The District Court previously held, contrary to several Michigan Court of Appeals decisions, that Michigan is a two-party, not a one-party, consent state for recording purposes.
That holding now goes to the Michigan Supreme Court for a final determination. While the Supreme Court has discretion to deny ruling on the certified question, it is likely to hear the issue given the differing interpretations taken by Michigan state and federal courts.
For decades, Michigan has been referred to as a “one-party” consent state for eavesdropping purposes, meaning that it is not illegal to record conversations if the person recording is a party to it. Michigan’s eavesdropping statute, titled “Eavesdropping upon private conversation,” states that “[a]ny person who is present or who is not present during a private conversation and who willfully uses any device to eavesdrop upon the conversation without the consent of all parties thereto … is guilty of a felony punishable by imprisonment[.]” MCL 750.539c. The statute defines “eavesdropping” to mean “to overhear, record, amplify or transmit any part of the private discourse of others without the permission of all persons engaged in the discourse.” In addition to criminal penalties, the statute permits civil penalties of an injunction, actual damages, and punitive damages.
An impending decision from the Michigan Supreme Court on the interpretation of Michigan’s eavesdropping statute could have wide-ranging implications. Businesses, such as call centers, customer service providers, and collection agencies, may have to change their existing recording practices to comply with a new interpretation of the statute.
Michigan courts offer differing interpretations
Prior Michigan Court of Appeals’ decisions had found that the statute excludes participant recording from the definition of eavesdropping by limiting the subject conversation to “the private discourse of others,” as noted in a 1982 case, Sullivan v. Gray. This meant that a “potential eavesdropper must be a third party not otherwise involved in the conversation being eavesdropped on” for liability to attach. The court reasoned that had the Michigan legislature intended to include participants to conversations within the statute’s scope, it would have explicitly said so. The Michigan Supreme Court has not yet addressed the issue.
The District Court in AFT Michigan, for the first time, came to a different conclusion. In June 2019, the court analyzed the eavesdropping statute and predicted the Michigan Supreme Court would conclude the statute requires consent to record from all participants to a conversation. The District Court reasoned that the statute applies to “any person who is present or who is not present” to a private conversation, and that the statute requires “all parties” to the conversation to consent to eavesdropping. While the District Court acknowledged prior Michigan case law to the contrary, including Sullivan, it was “convinced … that Sullivan’s construction [that Michigan is a one-party consent state] contravenes the Legislature’s intent made clear by the plain, unambiguous language of the statute.”
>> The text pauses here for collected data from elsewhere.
(* Let $\mathbf{Z}=\{\mathbf{z}_i\}_{i=1}^n$ be a $G$-networked sample, $\mathbf{w}$ an optimal weighting of $G$ and $\mathsf{s}=\mathsf{s}(G)$. Let $\mathcal{G}$ be a set of functions on $\mathcal{Z}$ and $c>0$ such that for each $g\in\mathcal{G}$: $\mathbf{E}(g)\ge0$, $\mathbf{E}(g^2)\le c\,\mathbf{E}(g)$, and $|g-\mathbf{E}(g)|\le B$ almost everywhere. Then for every $\epsilon>0$ and $0<\alpha\le1$, $$\Pr\Big\{\sup_{g\in\mathcal{G}}\frac{\mathbf{E}(g)-\mathbf{E}_{\mathbf{Z}_{\mathsf{s}}}(g)}{\sqrt{\mathbf{E}(g)+\epsilon}}>4\alpha\sqrt{\epsilon}\Big\}\le\mathcal{N}(\mathcal{G},\alpha\epsilon)\exp\Big\{-\frac{\alpha^2\,\mathsf{s}\,\epsilon}{2c+\frac23B}\Big\},$$ where $\mathbf{E}_{\mathbf{Z}_{\mathsf{s}}}(g)=\frac1{\mathsf{s}}\sum_{i=1}^n w_i\,g(\mathbf{z}_i)$.
   Context: Networked setting: $G$ is a $k$-partite hypergraph with hyperedges $e_1,\dots,e_n$; vertex set partitioned into $V^{(1)},\dots,V^{(k)}$, each hyperedge containing exactly one vertex $e^{(j)}$ of each $V^{(j)}$. $\mathcal{X}=\mathcal{X}^{(1)}\times\cdots\times\mathcal{X}^{(k)}$ (compact metric spaces), $\mathcal{Y}=\mathbb{R}$, $\mathcal{Z}=\mathcal{X}\times\mathcal{Y}$. Each vertex $v\in V^{(j)}$ gets a feature $\phi(v)$ drawn independently from $\rho_j$, independently of the hypergraph. Hyperedge $e_i$ yields $\mathbf{z}_i=(\mathbf{x}_i,y_i)$, $\mathbf{x}_i=(\phi(e_i^{(1)}),\dots,\phi(e_i^{(k)}))$, labels conditionally independent given the features with $y_i\sim\rho_{y|\mathbf{x}}(\cdot\mid\mathbf{x}_i)$; $\rho=\rho_{y|\mathbf{x}}\rho_{\mathbf{x}}$ with $\rho_{\mathbf{x}}=\prod_j\rho_j$, and $\mathbf{E}(g)=\int_{\mathcal{Z}}g\,d\rho$. A feasible weighting is $\mathbf{w}$ with $w_i\ge0$ and $\sum_{i:\,v\in e_i}w_i\le1$ for every vertex $v$; $\mathsf{s}(G)=\max\sum_i w_i$ over feasible weightings, attained by an optimal weighting. $\mathcal{N}(\mathcal{G},\tau)$ is the minimal number of balls of radius $\tau$ in the sup norm covering $\mathcal{G}$. *)

theory Defs
  imports "HOL-Probability.Probability"
begin

text \<open>Part j (j<k) has vertex
  set V j; hyperedge i contains exactly the vertex E i j of part j.  Vertices are
  identified as pairs (j, v) with v \<in> V j, so distinct parts are automatically disjoint.\<close>

definition kpartite_hypergraph ::
  "nat \<Rightarrow> nat \<Rightarrow> (nat \<Rightarrow> 'v set) \<Rightarrow> (nat \<Rightarrow> nat \<Rightarrow> 'v) \<Rightarrow> bool" where
  "kpartite_hypergraph k n V E \<longleftrightarrow>
     0 < k \<and> (\<forall>j<k. finite (V j)) \<and> (\<forall>i<n. \<forall>j<k. E i j \<in> V j)"

definition feasible_weighting ::
  "nat \<Rightarrow> nat \<Rightarrow> (nat \<Rightarrow> 'v set) \<Rightarrow> (nat \<Rightarrow> nat \<Rightarrow> 'v) \<Rightarrow> (nat \<Rightarrow> real) \<Rightarrow> bool" where
  "feasible_weighting k n V E w \<longleftrightarrow>
     (\<forall>i<n. 0 \<le> w i) \<and>
     (\<forall>j<k. \<forall>v\<in>V j. (\<Sum>i\<in>{i. i < n \<and> E i j = v}. w i) \<le> 1)"

definition frac_matching_number ::
  "nat \<Rightarrow> nat \<Rightarrow> (nat \<Rightarrow> 'v set) \<Rightarrow> (nat \<Rightarrow> nat \<Rightarrow> 'v) \<Rightarrow> real" where
  "frac_matching_number k n V E =
     Sup {(\<Sum>i<n. w i) | w. feasible_weighting k n V E w}"

definition optimal_weighting ::
  "nat \<Rightarrow> nat \<Rightarrow> (nat \<Rightarrow> 'v set) \<Rightarrow> (nat \<Rightarrow> nat \<Rightarrow> 'v) \<Rightarrow> (nat \<Rightarrow> real) \<Rightarrow> bool" where
  "optimal_weighting k n V E w \<longleftrightarrow>
     feasible_weighting k n V E w \<and> (\<Sum>i<n. w i) = frac_matching_number k n V E"

definition Zspace :: "nat \<Rightarrow> ((nat \<Rightarrow> 'x::topological_space) \<times> real) measure" where
  "Zspace k = (PiM {..<k} (\<lambda>_. borel)) \<Otimes>\<^sub>M borel"

definition Zset :: "nat \<Rightarrow> (nat \<Rightarrow> 'x set) \<Rightarrow> ((nat \<Rightarrow> 'x) \<times> real) set" where
  "Zset k X = PiE {..<k} X \<times> UNIV"

text \<open>The joint distribution rho = rho_{y|x} rho_x with rho_x = prod_j rho_j.\<close>
definition joint_dist ::
  "nat \<Rightarrow> (nat \<Rightarrow> 'x::topological_space measure) \<Rightarrow> ((nat \<Rightarrow> 'x) \<Rightarrow> real measure)
     \<Rightarrow> ((nat \<Rightarrow> 'x) \<times> real) measure" where
  "joint_dist k \<rho> K = PiM {..<k} \<rho> \<bind> (\<lambda>x. distr (K x) (Zspace k) (\<lambda>y. (x, y)))"

definition expect :: "((nat \<Rightarrow> 'x::topological_space) \<times> real) measure \<Rightarrow> ((nat \<Rightarrow> 'x) \<times> real \<Rightarrow> real) \<Rightarrow> real" where
  "expect M g = integral\<^sup>L M g"

definition edge_features ::
  "nat \<Rightarrow> (nat \<Rightarrow> nat \<Rightarrow> 'v) \<Rightarrow> (nat \<times> 'v \<Rightarrow> 'x) \<Rightarrow> nat \<Rightarrow> (nat \<Rightarrow> 'x)" where
  "edge_features k E \<phi> i = restrict (\<lambda>j. \<phi> (j, E i j)) {..<k}"

text \<open>Distribution of a G-networked sample Z = (z_0,...,z_(n-1)): independent vertex
  features phi(j,v) ~ rho_j, then conditionally independent labels
  y_i ~ rho_{y|x}(. | x_i) given the features.\<close>
definition networked_sample_dist ::
  "nat \<Rightarrow> nat \<Rightarrow> (nat \<Rightarrow> 'v set) \<Rightarrow> (nat \<Rightarrow> nat \<Rightarrow> 'v) \<Rightarrow> (nat \<Rightarrow> 'x::topological_space measure)
     \<Rightarrow> ((nat \<Rightarrow> 'x) \<Rightarrow> real measure) \<Rightarrow> (nat \<Rightarrow> (nat \<Rightarrow> 'x) \<times> real) measure" where
  "networked_sample_dist k n V E \<rho> K =
     PiM (SIGMA j:{..<k}. V j) (\<lambda>p. \<rho> (fst p)) \<bind>
       (\<lambda>\<phi>. PiM {..<n} (\<lambda>i. distr (K (edge_features k E \<phi> i)) (Zspace k)
                                (\<lambda>y. (edge_features k E \<phi> i, y))))"

definition weighted_emp_mean ::
  "nat \<Rightarrow> (nat \<Rightarrow> real) \<Rightarrow> real \<Rightarrow> ('z \<Rightarrow> real) \<Rightarrow> (nat \<Rightarrow> 'z) \<Rightarrow> real" where
  "weighted_emp_mean n w s g Z = (1 / s) * (\<Sum>i<n. w i * g (Z i))"
theorem efficient_frontier_characterisation:
  defines "F \<equiv> {(R p, E p) | p. is_efficient p}"
  shows "(min_risk 1 > 0 \<longleftrightarrow> F \<noteq> {}) \<and>
         (min_risk 1 > 0 \<longrightarrow> F = {(ereal k * min_risk 1, k) | k. k \<ge> 0})"
proof -
  obtain a where rho1: "min_risk 1 = ereal a"
    using real_minimiser[of 1] by (metis zero_le_one)
  show ?thesis
  proof (cases "a > 0")
    case True
    have "F = {(ereal k * min_risk 1, k) | k. k \<ge> 0}"
    proof (intro set_eqI iffI)
      fix x assume "x \<in> F"
      then show "x \<in> {(ereal k * min_risk 1, k) | k. k \<ge> 0}"
        using is_efficient_iff[OF rho1 True] rho1 by (auto simp: F_def)
    next
      fix x assume "x \<in> {(ereal k * min_risk 1, k) | k. k \<ge> 0}"
      then obtain k where k: "x = (ereal k * ereal a, k)" "k \<ge> 0" using rho1 by auto
      then obtain p where "E p = k" "R p = ereal (k * a)"
        using lower_bound_attained[OF rho1] by blast
      with k is_efficient_iff[OF rho1 True, of p] have "is_efficient p" "x = (R p, E p)" by simp_all
      then show "x \<in> F" unfolding F_def by blast
    qed
    moreover have "(ereal 0 * min_risk 1, 0) \<in> {(ereal k * min_risk 1, k) | k. k \<ge> 0}"
      by auto
    ultimately show ?thesis using True rho1 by auto
  next
    case False
    then show ?thesis using not_efficient[OF rho1] rho1 by (auto simp: F_def)
  qed
qed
In its same 2019 decision, the District Court certified its ruling for interlocutory appeal to the U.S. Court of Appeals for the Sixth Circuit. However, despite acknowledging that the Michigan Supreme Court had not decided whether Michigan is a one or two-party consent state, the Sixth Circuit denied leave to appeal. The District Court then granted Attorney General Nessel’s request to certify the question to the Michigan Supreme Court. In its certification order, the District Court noted this is an issue of unsettled state law and that the Michigan Supreme Court should hear the issue.
While the Michigan Supreme Court still has discretion to deny ruling on the certified question, it is likely to hear the issue given the differing interpretations taken by Michigan state and federal courts.